(sorry, this is not a full fledged answer but just my thoughts about it in the hope to let the discussion start again)
I am going through the same issue right now.
I think what Efissi means with "is the sd of $\delta$ correct?" is exactly what @dsaxton commented, i.e., if the estimates and the confidence intervals of the coefficients calculated via the two-stage model are the same (up to some reparametrization) as in the one-stage model.
My personal view is yes, as long as $X$ and $Z$ are independent from each other. The reason is, if you imagine your data as a cloud in a multidimensional space and you do a (univariate) OLS linear regression w.r.t. $X$, you are projecting the data to the (unidimensional) subspace $X$, but you are not applying any transformation in the rest of the hyperplane. Thus any relationship to any other covariates should remain unchanged.
Mathematically, substituting the model for $u_i$ in the model for $y_i$:
\begin{split}
y_i
&= \alpha + \beta X_i + u_i =\\
&= \alpha + \beta X_i + (\gamma + \delta Z_i + v_i) =\\
&= (\alpha + \gamma) + \beta X_i + \delta Z_i + v_i
\end{split}
thus, in particular, the $\delta$ should have the same properties in the two-stage model as well as in the one-stage model $Y \sim X + Z$.

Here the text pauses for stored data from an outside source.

lemma finite_log_moment_if_moment2:
  assumes M: "real_distribution M" and int: "integrable M (\<lambda>x. x\<^sup>2)"
  shows "finite_log_moment M"
proof -
  interpret real_distribution M by fact
  have bound: "ln (1 + \<bar>x\<bar>) \<le> 1 + x\<^sup>2" for x :: real
  proof -
    have "ln (1 + \<bar>x\<bar>) \<le> \<bar>x\<bar>" by (rule ln_add_one_self_le_self) simp
    also have "\<bar>x\<bar> \<le> 1 + x\<^sup>2"
    proof (cases "\<bar>x\<bar> \<le> 1")
      case False
      then have "\<bar>x\<bar> * 1 \<le> \<bar>x\<bar> * \<bar>x\<bar>" by (intro mult_left_mono) auto
      then show ?thesis by (simp add: power2_eq_square)
    qed (simp add: add_increasing2)
    finally show ?thesis .
  qed
  show ?thesis unfolding finite_log_moment_def
  proof (rule Bochner_Integration.integrable_bound)
    show "integrable M (\<lambda>x. 1 + x\<^sup>2)" using int by simp
    show "AE x in M. norm (ln (1 + \<bar>x\<bar>)) \<le> norm (1 + x\<^sup>2)" using bound by simp
  qed simp
qed

lemma infinitely_divisible_if_cf_powers:
  assumes powers: "\<And>s. 0 \<le> s \<Longrightarrow> \<exists>B. cf_moment2_le (\<lambda>t. exp (s * X t)) B"
  shows "\<exists>M. real_distribution M \<and> char M = (\<lambda>t. complex_of_real (exp (X t)))
      \<and> infinitely_divisible M \<and> finite_log_moment M"
proof -
  obtain B where "cf_moment2_le (\<lambda>t. exp (1 * X t)) B" using powers[of 1] by auto
  then obtain M where M: "real_distribution M" "char M = (\<lambda>t. complex_of_real (exp (X t)))"
      "integrable M (\<lambda>x. x\<^sup>2)" unfolding cf_moment2_le_def by auto
  have "\<exists>N. real_distribution N \<and> M = conv_pow N n" if n: "1 \<le> n" for n
  proof -
    obtain B' where "cf_moment2_le (\<lambda>t. exp ((1 / real n) * X t)) B'" using powers[of "1 / real n"] by auto
    then obtain N where N: "real_distribution N" "char N = (\<lambda>t. complex_of_real (exp ((1 / real n) * X t)))"
      unfolding cf_moment2_le_def by auto
    have "char (conv_pow N n) t = char M t" for t
    proof -
      have "char (conv_pow N n) t = complex_of_real (exp ((1 / real n) * X t) ^ n)"
        using real_distribution_conv_pow[OF N(1)] N(2) by simp
      also have "exp ((1 / real n) * X t) ^ n = exp (real n * ((1 / real n) * X t))"
        by (rule exp_of_nat_mult[symmetric])
      also have "real n * ((1 / real n) * X t) = X t" using n by simp
      finally show ?thesis using M(2) by simp
    qed
    then have "M = conv_pow N n"
      using real_distribution_conv_pow[OF N(1)] by (intro Levy_uniqueness[OF M(1)]) auto
    then show ?thesis using N(1) by blast
  qed
  then show ?thesis
    using M finite_log_moment_if_moment2 unfolding infinitely_divisible_def by blast
qed

definition sinh_coeff :: "nat \<Rightarrow> real" where
  "sinh_coeff k = 1 / (pi\<^sup>2 * (real k + 1)\<^sup>2)"

definition cosh_coeff :: "nat \<Rightarrow> real" where
  "cosh_coeff k = 4 / (pi\<^sup>2 * (2 * real k + 1)\<^sup>2)"

definition sinh_partial_prod :: "nat \<Rightarrow> real \<Rightarrow> real" where
  "sinh_partial_prod n t = (\<Prod>k<n. 1 + sinh_coeff k * t\<^sup>2)"

definition cosh_partial_prod :: "nat \<Rightarrow> real \<Rightarrow> real" where
  "cosh_partial_prod n t = (\<Prod>k<n. 1 + cosh_coeff k * t\<^sup>2)"

lemma sinh_coeff_pos: "0 < sinh_coeff k"
  unfolding sinh_coeff_def by (simp add: add_pos_nonneg)

lemma cosh_coeff_pos: "0 < cosh_coeff k"
  unfolding cosh_coeff_def by (simp add: add_pos_nonneg)

lemma sinh_coeff_le_cosh_coeff: "sinh_coeff k \<le> cosh_coeff k"
proof -
  have "(2 * real k + 1)\<^sup>2 \<le> 4 * (real k + 1)\<^sup>2" unfolding power2_eq_square by (simp add: algebra_simps)
  then have "4 / (pi\<^sup>2 * (4 * (real k + 1)\<^sup>2)) \<le> 4 / (pi\<^sup>2 * (2 * real k + 1)\<^sup>2)"
    by (intro divide_left_mono mult_left_mono mult_pos_pos) (auto simp: add_pos_nonneg)
  then show ?thesis unfolding sinh_coeff_def cosh_coeff_def by simp
qed

lemma cosh_coeff_le: "cosh_coeff k \<le> 4 * sinh_coeff k"
proof -
  have "(real k + 1)\<^sup>2 \<le> (2 * real k + 1)\<^sup>2" by (intro power_mono) auto
  then have "4 / (pi\<^sup>2 * (2 * real k + 1)\<^sup>2) \<le> 4 / (pi\<^sup>2 * (real k + 1)\<^sup>2)"
    by (intro divide_left_mono mult_left_mono mult_pos_pos) (auto simp: add_pos_nonneg)
  then show ?thesis unfolding sinh_coeff_def cosh_coeff_def by simp
qed

lemma sinh_coeff_sums: "sinh_coeff sums (1 / 6)"
proof -
  have "(\<lambda>k. 1 / (real k + 1)\<^sup>2) sums (pi\<^sup>2 / 6)"
    using inverse_squares_sums by (simp add: add.commute)
  then have "(\<lambda>k. 1 / pi\<^sup>2 * (1 / (real k + 1)\<^sup>2)) sums (1 / pi\<^sup>2 * (pi\<^sup>2 / 6))"
    by (rule sums_mult)
  then show ?thesis unfolding sinh_coeff_def[abs_def] by simp
qed

lemma sum_sinh_coeff_le: "(\<Sum>k<n. sinh_coeff k) \<le> 1 / 6"
  using sum_le_suminf[of sinh_coeff "{..<n}"] sinh_coeff_sums sinh_coeff_pos
  by (auto simp: sums_iff less_imp_le)

lemma sum_cosh_coeff_le: "(\<Sum>k<n. cosh_coeff k) \<le> 2 / 3"
proof -
  have "(\<Sum>k<n. cosh_coeff k) \<le> 4 * (\<Sum>k<n. sinh_coeff k)"
    unfolding sum_distrib_left by (intro sum_mono cosh_coeff_le)
  then show ?thesis using sum_sinh_coeff_le[of n] by simp
qed

lemma sinh_partial_prod_pos: "0 < sinh_partial_prod n t"
  unfolding sinh_partial_prod_def using sinh_coeff_pos[THEN less_imp_le]
  by (auto intro!: prod_pos add_pos_nonneg)

text \<open>The product formula for \<open>sin\<close>, evaluated at \<open>i t / \<pi>\<close>.\<close>
lemma tendsto_sinh_partial_prod:
  assumes "t \<noteq> 0"
  shows "(\<lambda>n. sinh_partial_prod n t) \<longlonglongrightarrow> sinh t / t"
proof -
  define z where "z = \<i> * complex_of_real (t / pi)"
  have "z ^ 2 = \<i> ^ 2 * (complex_of_real (t / pi)) ^ 2" by (simp only: z_def power_mult_distrib)
  then have z2: "z ^ 2 = - complex_of_real ((t / pi)\<^sup>2)" by simp
  have factor: "1 - z ^ 2 / of_nat k ^ 2 = complex_of_real (1 + t\<^sup>2 / (pi\<^sup>2 * (real k)\<^sup>2))" for k
    unfolding z2 by (simp add: power_divide field_simps)
  have factor_Suc: "1 - z ^ 2 / of_nat (Suc k) ^ 2 = complex_of_real (1 + sinh_coeff k * t\<^sup>2)" for k
    unfolding factor[of "Suc k"] by (simp add: sinh_coeff_def add.commute)
  have "of_real pi * z = \<i> * complex_of_real t" unfolding z_def by simp
  then have "of_real pi * z * (\<Prod>k=1..n. 1 - z ^ 2 / of_nat k ^ 2)
      = \<i> * complex_of_real (t * sinh_partial_prod n t)" for n
    unfolding One_nat_def prod.atLeast1_atMost_eq factor_Suc sinh_partial_prod_def by simp
  moreover have "sin (of_real pi * z) = \<i> * complex_of_real (sinh t)"
    unfolding z_def by (simp add: sin_i_times sinh_def exp_of_real exp_minus)
  ultimately have "(\<lambda>n. \<i> * complex_of_real (t * sinh_partial_prod n t)) \<longlonglongrightarrow> \<i> * complex_of_real (sinh t)"
    using sin_product_formula_complex[of z] by simp
  then have "(\<lambda>n. - \<i> * (\<i> * complex_of_real (t * sinh_partial_prod n t)))
      \<longlonglongrightarrow> - \<i> * (\<i> * complex_of_real (sinh t))"
    by (rule tendsto_mult[OF tendsto_const])
  moreover have "- \<i> * (\<i> * x) = x" for x :: complex by (simp add: mult.assoc[symmetric])
  ultimately have "(\<lambda>n. complex_of_real (t * sinh_partial_prod n t)) \<longlonglongrightarrow> complex_of_real (sinh t)"
    by (simp only:)
  then have "(\<lambda>n. t * sinh_partial_prod n t) \<longlonglongrightarrow> sinh t"
    by (simp only: tendsto_of_real_iff)
  from tendsto_divide[OF this tendsto_const assms] show ?thesis
    using assms by simp
qed

lemma sinh_partial_prod_double:
  "sinh_partial_prod (2 * n) (2 * t) = cosh_partial_prod n t * sinh_partial_prod n t"
proof (induction n)
  case 0 then show ?case by (simp add: sinh_partial_prod_def cosh_partial_prod_def)
next
  case (Suc n)
  have "(real (Suc (2 * n)) + 1)\<^sup>2 = 4 * (real n + 1)\<^sup>2" by (simp add: power2_eq_square algebra_simps)
  then have coeff: "sinh_coeff (2 * n) * (2 * t)\<^sup>2 = cosh_coeff n * t\<^sup>2"
    "sinh_coeff (Suc (2 * n)) * (2 * t)\<^sup>2 = sinh_coeff n * t\<^sup>2"
    unfolding sinh_coeff_def cosh_coeff_def by (simp_all add: power_mult_distrib)
  have "2 * Suc n = Suc (Suc (2 * n))" by simp
  then have "sinh_partial_prod (2 * Suc n) (2 * t) = sinh_partial_prod (2 * n) (2 * t)
      * ((1 + sinh_coeff (2 * n) * (2 * t)\<^sup>2) * (1 + sinh_coeff (Suc (2 * n)) * (2 * t)\<^sup>2))"
    unfolding sinh_partial_prod_def by (simp only: prod.lessThan_Suc mult.assoc)
  then show ?case
    unfolding Suc coeff by (simp add: sinh_partial_prod_def cosh_partial_prod_def mult_ac)
qed

lemma tendsto_cosh_partial_prod: "(\<lambda>n. cosh_partial_prod n t) \<longlonglongrightarrow> cosh t"
proof (cases "t = 0")
  case True then show ?thesis by (simp add: cosh_partial_prod_def)
next
  case False
  have "(\<lambda>n. sinh_partial_prod (2 * n) (2 * t)) \<longlonglongrightarrow> sinh (2 * t) / (2 * t)"
    using LIMSEQ_subseq_LIMSEQ[OF tendsto_sinh_partial_prod[of "2 * t"], of "\<lambda>n. 2 * n"] False
    by (simp add: strict_mono_def comp_def)
  then have "(\<lambda>n. sinh_partial_prod (2 * n) (2 * t) / sinh_partial_prod n t)
      \<longlonglongrightarrow> (sinh (2 * t) / (2 * t)) / (sinh t / t)"
    by (rule tendsto_divide[OF _ tendsto_sinh_partial_prod[OF False]]) (use False in simp)
  moreover have "sinh_partial_prod (2 * n) (2 * t) / sinh_partial_prod n t = cosh_partial_prod n t" for n
    using sinh_partial_prod_pos[of n t] by (simp add: sinh_partial_prod_double)
  moreover have "(sinh (2 * t) / (2 * t)) / (sinh t / t) = cosh t"
    using False sinh_double[of t] by (simp add: field_simps)
  ultimately show ?thesis by simp
qed

lemma cf_moment2_le_inverse_prod_limit:
  assumes a: "\<And>k. 0 < a k" and sum_a: "\<And>n. (\<Sum>k<n. a k) \<le> A"
    and lim: "\<And>t. (\<lambda>n. 1 / (\<Prod>k<n. 1 + a k * t\<^sup>2)) \<longlonglongrightarrow> \<phi> t"
  shows "cf_moment2_le \<phi> (2 * A)"
  by (rule cf_moment2_le_rational_prod_limit[where a=a and b="\<lambda>_. 0"])
     (use sum_a lim a[THEN less_imp_le] a in auto)

lemma cf_moment2_le_inverse_prod_limit_ratio:
  assumes a: "\<And>k. 0 < a k" and sum_a: "\<And>n. (\<Sum>k<n. a k) \<le> A"
    and lim: "\<And>t. (\<lambda>n. 1 / (\<Prod>k<n. 1 + a k * t\<^sup>2)) \<longlonglongrightarrow> \<phi> t"
    and nonzero: "\<And>t. \<phi> t \<noteq> 0" and c: "0 < c" "c < 1"
  shows "cf_moment2_le (\<lambda>t. \<phi> t / \<phi> (c * t)) (2 * A)"
proof (rule cf_moment2_le_rational_prod_limit[where b="\<lambda>k. c\<^sup>2 * a k"])
  show "0 < a k \<and> 0 \<le> c\<^sup>2 * a k \<and> c\<^sup>2 * a k \<le> a k" for k
    using a[of k] c by (auto simp: power_le_one mult_left_le_one_le)
  show "(\<lambda>n. (\<Prod>k<n. 1 + c\<^sup>2 * a k * t\<^sup>2) / (\<Prod>k<n. 1 + a k * t\<^sup>2)) \<longlonglongrightarrow> \<phi> t / \<phi> (c * t)" for t
  proof -
    have "(\<lambda>n. (1 / (\<Prod>k<n. 1 + a k * t\<^sup>2)) / (1 / (\<Prod>k<n. 1 + a k * (c * t)\<^sup>2)))
        \<longlonglongrightarrow> \<phi> t / \<phi> (c * t)"
      by (rule tendsto_divide[OF lim lim nonzero])
    then show ?thesis by (simp add: power_mult_distrib mult_ac)
  qed
qed (rule sum_a)

lemma phi_C_pos: "0 < phi_C t"
  by (simp add: phi_C_def)

lemma phi_S_pos: "0 < phi_S t"
  by (cases t "0::real" rule: linorder_cases) (auto simp: phi_S_def divide_neg_neg)

lemma phi_T_pos: "0 < phi_T t"
  by (cases t "0::real" rule: linorder_cases) (auto simp: phi_T_def divide_neg_neg)

lemma tendsto_inverse_sinh_partial_prod: "(\<lambda>n. 1 / sinh_partial_prod n t) \<longlonglongrightarrow> phi_S t"
proof (cases "t = 0")
  case True then show ?thesis by (simp add: phi_S_def sinh_partial_prod_def)
next
  case False
  have "(\<lambda>n. 1 / sinh_partial_prod n t) \<longlonglongrightarrow> 1 / (sinh t / t)"
    by (rule tendsto_divide[OF tendsto_const tendsto_sinh_partial_prod[OF False]]) (use False in simp)
  then show ?thesis using False by (simp add: phi_S_def)
qed

lemma tendsto_inverse_cosh_partial_prod: "(\<lambda>n. 1 / cosh_partial_prod n t) \<longlonglongrightarrow> phi_C t"
  unfolding phi_C_def by (rule tendsto_divide[OF tendsto_const tendsto_cosh_partial_prod]) simp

Does it make sense or am I missing something? In particular, is the independence condition necessary?
UPDATE
A short check with real data:
dat <- mtcars
> lm1 <- lm(mpg ~ hp + qsec, data=dat)
> summary(lm1)$coef
Estimate Std. Error t value Pr(>|t|)
(Intercept) 48.32370517 11.10330633 4.352191 1.526469e-04
hp -0.08459304 0.01393281 -6.071497 1.309333e-06
qsec -0.88657962 0.53458538 -1.658443 1.080072e-01
> lm2a <- lm(mpg ~ hp, data=dat)
> summary(lm2a)$coef
Estimate Std. Error t value Pr(>|t|)
(Intercept) 30.09886054 1.6339210 18.421246 6.642736e-18
hp -0.06822828 0.0101193 -6.742389 1.787835e-07
> lm2b <- lm(lm2a$residuals ~ dat$qsec)
> summary(lm2b)$coef
Estimate Std. Error t value Pr(>|t|)
(Intercept) 7.8871608 6.8116279 1.157897 0.2560418
dat$qsec -0.4418887 0.3797911 -1.163505 0.253795
For comparison:
> summary(lm(hp ~ qsec, data=dat))$coef
Estimate Std. Error t value Pr(>|t|)
(Intercept) 631.70375 88.699525 7.121839 6.382739e-08
qsec -27.17368 4.945556 -5.494565 5.766253e-06
> summary(lm(qsec ~ hp, data=dat))$coef
Estimate Std. Error t value Pr(>|t|)
(Intercept) 20.55635402 0.542424287 37.897186 6.728254e-27
hp -0.01845831 0.003359377 -5.494565 5.766253e-06
Nevertheless, a simulation with artificially created independent $X$ and $Z$ delivered exactly the same values in the two models. Thus, the difference of estimates could be interpreted as some measure of dependence or correlation between the covariates, but honestly I don't know how to quantify and/or use it.